Florence Henri, “Composition” (1928), gelatin silver print, 27 x 37.1 cm (Museum Folkwang, Essen, Florence Henri © Galleria Martini & Ronchetti) (all images courtesy Jeu de Paume)

PARIS — In 1683, the chief architect to the King of France was Jules Hardouin Mansart, the architect who created the “Hall of Mirrors” in Versailles. It was in his studio that the Rococo style began to emerge, most keenly through specific mirroring motifs of his designers Pierre Lassurance I and Pierre Lepautre. Since then, the use of mirrors in art has been a rich one, used by Pop, Kinetic, Minimal, and Conceptual artists. In this long tradition, the Jeu de Paume currently offers an additional point of reference with Mirror of the Avant-Garde, 1927-1940, here curated by Cristina Zelich with the collaboration of the Florence Henri Archive in Genoa. It is a taut, careful, and competent retrospective of the work of American avant-garde photographer (and abstract painter) Florence Henri (1893–1982), for whom the mirror was fundamental to her artistic investigations.

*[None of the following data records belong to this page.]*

lemma psi_entry_gauss_deriv_rowpoly:
  assumes a: "a \<noteq> 0" and N: "N > 0" and z: "Im z \<noteq> 0" and i: "i < 4" and j: "j < 4"
  shows "psi_entry a N j (gauss_deriv N 0 (rowpoly a N (Suc m1) (Suc m2) (Suc m3) i)) z
    = (\<Sum>k<4. Amat a N (Suc m1) (Suc m2) (Suc m3) z i k * psi_entry a N j (rowpoly a N (Suc m1) (Suc m2) (Suc m3) k) z)"
proof -
  define P where "P = mop a N (Suc m1) (Suc m2) (Suc m3)"
  define P1 where "P1 = mop a N m1 (Suc m2) (Suc m3)"
  define P2 where "P2 = mop a N (Suc m1) m2 (Suc m3)"
  define P3 where "P3 = mop a N (Suc m1) (Suc m2) m3"
  define \<psi> where "\<psi> q = psi_entry a N j q z" for q
  have N0: "N \<noteq> 0" using N by simp
  have \<psi>_add: "\<psi> (p + q) = \<psi> p + \<psi> q" and \<psi>_smult: "\<psi> (smult r p) = of_real r * \<psi> p" for p q r
    unfolding \<psi>_def by (simp_all only: psi_entry_add[OF N z] psi_entry_smult)
  have heat_rows: "heat N P = [:-a,1:] * heat N P1" "heat N P = [:-0,1:] * heat N P2"
    "heat N P = [:-(-a),1:] * heat N P3"
    unfolding P_def P1_def P2_def P3_def heat_mop[OF a N] node_poly_def
    by (simp_all only: power_Suc mult_ac minus_zero minus_minus)
  have rows: "rowpoly a N (Suc m1) (Suc m2) (Suc m3) 0 = P" "rowpoly a N (Suc m1) (Suc m2) (Suc m3) 1 = P1"
    "rowpoly a N (Suc m1) (Suc m2) (Suc m3) 2 = P2" "rowpoly a N (Suc m1) (Suc m2) (Suc m3) 3 = P3"
    by (simp_all add: rowpoly_def P_def P1_def P2_def P3_def)
  have rhs: "(\<Sum>k<4. Amat a N (Suc m1) (Suc m2) (Suc m3) z i k * psi_entry a N j (rowpoly a N (Suc m1) (Suc m2) (Suc m3) k) z)
      = Amat a N (Suc m1) (Suc m2) (Suc m3) z i 0 * \<psi> P + Amat a N (Suc m1) (Suc m2) (Suc m3) z i 1 * \<psi> P1
      + Amat a N (Suc m1) (Suc m2) (Suc m3) z i 2 * \<psi> P2 + Amat a N (Suc m1) (Suc m2) (Suc m3) z i 3 * \<psi> P3"
    unfolding sum_lessThan_4 rows \<psi>_def ..
  consider "i = 0" | "i = 1" | "i = 2" | "i = 3" using i by linarith
  then show ?thesis
  proof cases
    case 1
    have "\<psi> (gauss_deriv N 0 P)
        = of_nat (Suc m1) * \<psi> P1 + of_nat (Suc m2) * \<psi> P2 + of_nat (Suc m3) * \<psi> P3 - of_real N * (z * \<psi> P)"
      unfolding \<psi>_def P_def P1_def P2_def P3_def by (rule psi_entry_gauss_deriv_mop[OF a N z j])
    then show ?thesis unfolding rhs unfolding 1 rows(1) \<psi>_def[symmetric] using N by (simp add: Amat_def algebra_simps)
  next
    case 2
    have "\<psi> (gauss_deriv N 0 P1) = - of_real N * \<psi> P - of_real N * of_real a * \<psi> P1"
      unfolding gauss_deriv_0_eq[OF N0 heat_rows(1)] \<psi>_add \<psi>_smult by simp
    then show ?thesis unfolding rhs unfolding 2 rows(2) \<psi>_def[symmetric] by (simp add: Amat_def)
  next
    case 3
    have "\<psi> (gauss_deriv N 0 P2) = - of_real N * \<psi> P"
      unfolding gauss_deriv_0_eq[OF N0 heat_rows(2)] \<psi>_add \<psi>_smult by simp
    then show ?thesis unfolding rhs unfolding 3 rows(3) \<psi>_def[symmetric] by (simp add: Amat_def)
  next
    case 4
    have "\<psi> (gauss_deriv N 0 P3) = - of_real N * \<psi> P + of_real N * of_real a * \<psi> P3"
      unfolding gauss_deriv_0_eq[OF N0 heat_rows(3)] \<psi>_add \<psi>_smult by simp
    then show ?thesis unfolding rhs unfolding 4 rows(4) \<psi>_def[symmetric] by (simp add: Amat_def)
  qed
qed
theorem corollary1p2:
  fixes G :: "(complex^'n \<Rightarrow> complex^'n) set"
  assumes "is_subgroup_H G"
    and "\<exists>f\<in>G. \<exists>g\<in>G. f \<circ> g \<noteq> g \<circ> f"
    and "\<not> ratios G \<subseteq> \<real>"
    and "\<not> G \<subseteq> SR"
    and "UNIV - E_G G \<noteq> {}"
  shows "(\<forall>z \<in> UNIV - E_G G. \<forall>w \<in> closure (orbit G z) \<inter> (UNIV - E_G G).
            closure (orbit G w) \<inter> (UNIV - E_G G) = closure (orbit G z) \<inter> (UNIV - E_G G))
       \<and> (\<not> G \<subseteq> rot_maps \<longrightarrow>
            minimal_set G (E_G G) \<and> (\<forall>z. E_G G \<subseteq> closure (orbit G z)))
       \<and> (\<forall>z \<in> UNIV - E_G G. \<forall>y \<in> UNIV - E_G G. orbit G z homeomorphic orbit G y)"
proof -
  interpret homothety_group G by (rule homothety_group.intro) (rule assms(1))
  have ne: "E_G G \<noteq> {}" using E_G_nonempty assms(3) .
  show ?thesis
  proof (intro conjI ballI impI allI)
    fix z w assume "z \<in> UNIV - E_G G" "w \<in> closure (orbit G z) \<inter> (UNIV - E_G G)"
    then show "closure (orbit G w) \<inter> (UNIV - E_G G) = closure (orbit G z) \<inter> (UNIV - E_G G)"
      using closure_orbit_eq_off_E_G[OF ne] by simp
  next
    assume "\<not> G \<subseteq> rot_maps"
    then show "minimal_set G (E_G G)" "\<And>z. E_G G \<subseteq> closure (orbit G z)"
      using minimal_set_E_G E_G_subset_closure_orbit assms(3) by blast+
  next
    fix z y assume "z \<in> UNIV - E_G G" "y \<in> UNIV - E_G G"
    then show "orbit G z homeomorphic orbit G y" using orbits_homeomorphic_off_E_G[OF ne] by simp
  qed
qed

end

“Autoportrait” (1938) gelatin silver print, 25 x 23 cm. Private collection courtesy Archives Florence Henri, Gênes. Florence Henri © Galleria Martini & Ronchett (click to enlarge)

Florence Henri, “Autoportrait” (1938), gelatin silver print, 25 x 23 cm (private collection courtesy Archives Florence Henri, Gênes, Florence Henri © Galleria Martini & Ronchett) (click to enlarge)

The dominant feeling I had was one of formalized melancholy. Florence Henri’s photographs often use mirrored reflections to set up remote feelings for things in space in a conceptually operative manner. Using a very limited number of elements, she created extremely complex images in the 1930s that are characterized by the use of multiple viewpoints, using mirrors as a way to explore the shifting representation of objects. Her visual investigations are excellent expressions of post-Cubist and Constructivist ideas, as reflections and spatial relationships, superposition and intersections are explored formally in black and white.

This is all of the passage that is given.